You'd Be Home Now (10)



    Joey tacked his drawings everywhere. The edges fluttered when he cracked the window for a breeze. If I was walking Fuzzy and Joey was home, I could look up from Aster Avenue and see him there, head bent over his table, shoulders at his ears, drawing. Sometimes he would glance down, noticing me on the street.

Pot smoke drizzled from his mouth as he smiled at me, a finger to his lips.

Shhhh.

It was just pot. Lots of kids smoked pot. Even my dad said so once. “A little rebellion, a little experimentation. That’s a teenager. It’s to be expected.”

“Actually,” I say to Sue, “he was always pretty quiet.”

Except when he wasn’t.

Only all that’s done now. Things will be different, right? That’s the plan. Like the Blue Spruce handbook says, Family should be prepared to provide a stable, consistent environment.

But Sue isn’t paying attention. She’s watching SpongeBob argue with Squidward. “I wish I lived in a pineapple under the sea, I tell you what,” she chuckles. “Be better under the water. Like you and that pool.”



* * *





    Before Sue leaves, I give her twenty dollars to go up the attic stairs for me and bring down Joey’s clothes and art supplies. Maddie took care of cleaning it up when she was here, but she didn’t bring down everything. I’m hoping when he sees his pencils and sketchbooks that maybe, just maybe, he’ll want to draw again. That it might help him.
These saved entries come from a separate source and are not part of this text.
(* Let $\mathcal{A}$ be a unital C*-algebra and $X$ a Hilbert $\mathcal{A}$-bimodule, full and finite projective as a right $\mathcal{A}$-module, with finite basis $\{u_1,\dots,u_n\}$, and let $\sigma:\mathcal{O}_X\to\mathcal{O}_X$, $\sigma(T)=\sum_iu_iTu_i^*$. Then the restriction of $\sigma$ to $\mathcal{A}'\cap\mathcal{O}_X$ is a unital injective $*$-homomorphism, and this restriction does not depend on the choice of the basis of $X_{\mathcal{A}}$.
   Context: A Hilbert $\mathcal{A}$-bimodule is a right Hilbert $\mathcal{A}$-module $X$ (inner product $(\cdot|\cdot)_{\mathcal{A}}$) with an injective $*$-homomorphism $\phi:\mathcal{A}\to\mathcal{L}_{\mathcal{A}}(X_{\mathcal{A}})$. A basis is a finite set $\{u_i\}\subset X$ with $x=\sum_iu_i(u_i|x)_{\mathcal{A}}$ for all $x\in X$. $\mathcal{O}_X$ is the universal C*-algebra generated by a unital copy of $\mathcal{A}$ and elements $S_x$ ($x\in X$, linear in $x$) with $S_{xa}=S_xa$, $S_{\phi(a)x}=aS_x$, $S_x^*S_y=(x|y)_{\mathcal{A}}$, $\sum_iS_{u_i}S_{u_i}^*=I$; write $x$ for $S_x$. $\mathcal{A}'$ is the commutant of $\mathcal{A}$ in $\mathcal{O}_X$. *)

theory Defs
  imports Complex_Main
begin

record 'a calg =
  ca_carrier :: "'a set"
  ca_zero :: 'a
  ca_one :: 'a
  ca_add :: "'a \<Rightarrow> 'a \<Rightarrow> 'a"
  ca_mult :: "'a \<Rightarrow> 'a \<Rightarrow> 'a"
  ca_smult :: "complex \<Rightarrow> 'a \<Rightarrow> 'a"
  ca_star :: "'a \<Rightarrow> 'a"
  ca_norm :: "'a \<Rightarrow> real"

definition ca_diff :: "'a calg \<Rightarrow> 'a \<Rightarrow> 'a \<Rightarrow> 'a" where
  "ca_diff C x y = ca_add C x (ca_smult C (-1) y)"

definition ca_sum :: "'a calg \<Rightarrow> 'a list \<Rightarrow> 'a" where
  "ca_sum C xs = foldr (ca_add C) xs (ca_zero C)"

definition unital_cstar_algebra :: "'a calg \<Rightarrow> bool" where
  "unital_cstar_algebra C \<longleftrightarrow>
     (let K = ca_carrier C; add = ca_add C; mul = ca_mult C; sm = ca_smult C;
          st = ca_star C; nm = ca_norm C; z = ca_zero C; e = ca_one C in
     z \<in> K \<and> e \<in> K \<and>
     (\<forall>x\<in>K. \<forall>y\<in>K. add x y \<in> K \<and> mul x y \<in> K) \<and>
     (\<forall>c. \<forall>x\<in>K. sm c x \<in> K) \<and> (\<forall>x\<in>K. st x \<in> K) \<and>
     \<comment> \<open>complex vector space\<close>
     (\<forall>x\<in>K. \<forall>y\<in>K. \<forall>w\<in>K. add (add x y) w = add x (add y w)) \<and>
     (\<forall>x\<in>K. \<forall>y\<in>K. add x y = add y x) \<and>
     (\<forall>x\<in>K. add z x = x) \<and>
     (\<forall>x\<in>K. add x (sm (-1) x) = z) \<and>
     (\<forall>c d. \<forall>x\<in>K. sm (c + d) x = add (sm c x) (sm d x)) \<and>
     (\<forall>c. \<forall>x\<in>K. \<forall>y\<in>K. sm c (add x y) = add (sm c x) (sm c y)) \<and>
     (\<forall>c d. \<forall>x\<in>K. sm (c * d) x = sm c (sm d x)) \<and>
     (\<forall>x\<in>K. sm 1 x = x) \<and>
     \<comment> \<open>associative unital algebra\<close>
     (\<forall>x\<in>K. \<forall>y\<in>K. \<forall>w\<in>K. mul (mul x y) w = mul x (mul y w)) \<and>
     (\<forall>x\<in>K. \<forall>y\<in>K. \<forall>w\<in>K. mul x (add y w) = add (mul x y) (mul x w)) \<and>
     (\<forall>x\<in>K. \<forall>y\<in>K. \<forall>w\<in>K. mul (add x y) w = add (mul x w) (mul y w)) \<and>
     (\<forall>c. \<forall>x\<in>K. \<forall>y\<in>K. mul (sm c x) y = sm c (mul x y) \<and> mul x (sm c y) = sm c (mul x y)) \<and>
     (\<forall>x\<in>K. mul e x = x \<and> mul x e = x) \<and>
     \<comment> \<open>involution\<close>
     (\<forall>x\<in>K. st (st x) = x) \<and>
     (\<forall>x\<in>K. \<forall>y\<in>K. st (add x y) = add (st x) (st y)) \<and>
     (\<forall>c. \<forall>x\<in>K. st (sm c x) = sm (cnj c) (st x)) \<and>
     (\<forall>x\<in>K. \<forall>y\<in>K. st (mul x y) = mul (st y) (st x)) \<and>
     \<comment> \<open>submultiplicative norm, C*-identity\<close>
     (\<forall>x\<in>K. nm x \<ge> 0 \<and> (nm x = 0 \<longleftrightarrow> x = z)) \<and>
     (\<forall>x\<in>K. \<forall>y\<in>K. nm (add x y) \<le> nm x + nm y) \<and>
     (\<forall>c. \<forall>x\<in>K. nm (sm c x) = cmod c * nm x) \<and>
     (\<forall>x\<in>K. \<forall>y\<in>K. nm (mul x y) \<le> nm x * nm y) \<and>
     (\<forall>x\<in>K. nm (mul (st x) x) = (nm x)\<^sup>2) \<and>
     \<comment> \<open>completeness\<close>
     (\<forall>f :: nat \<Rightarrow> _. (\<forall>n. f n \<in> K) \<and> (\<forall>\<epsilon>>0. \<exists>N. \<forall>m\<ge>N. \<forall>n\<ge>N. nm (ca_diff C (f m) (f n)) < \<epsilon>)
          \<longrightarrow> (\<exists>l\<in>K. \<forall>\<epsilon>>0. \<exists>N. \<forall>n\<ge>N. nm (ca_diff C (f n) l) < \<epsilon>)))"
Sue shrugs. “You really need to see Cooper about that leg. I don’t think your progress is progressing if you can’t even make some stairs, yeah?”

“I’m tired.”

She goes up twice and comes back down with milk crates full of his stuff. She plunks the crates on the bed in Maddie’s room, which will now be Joey’s room.

“That’s a real nice space up there. Lot of light,” she says.

I could probably have gone up the stairs myself, slowly, maybe, since I can now make it up to the second floor and sleep in my own room, but the truth is, I didn’t want to. The attic room was Joey’s disappearing place and I don’t want to go up there.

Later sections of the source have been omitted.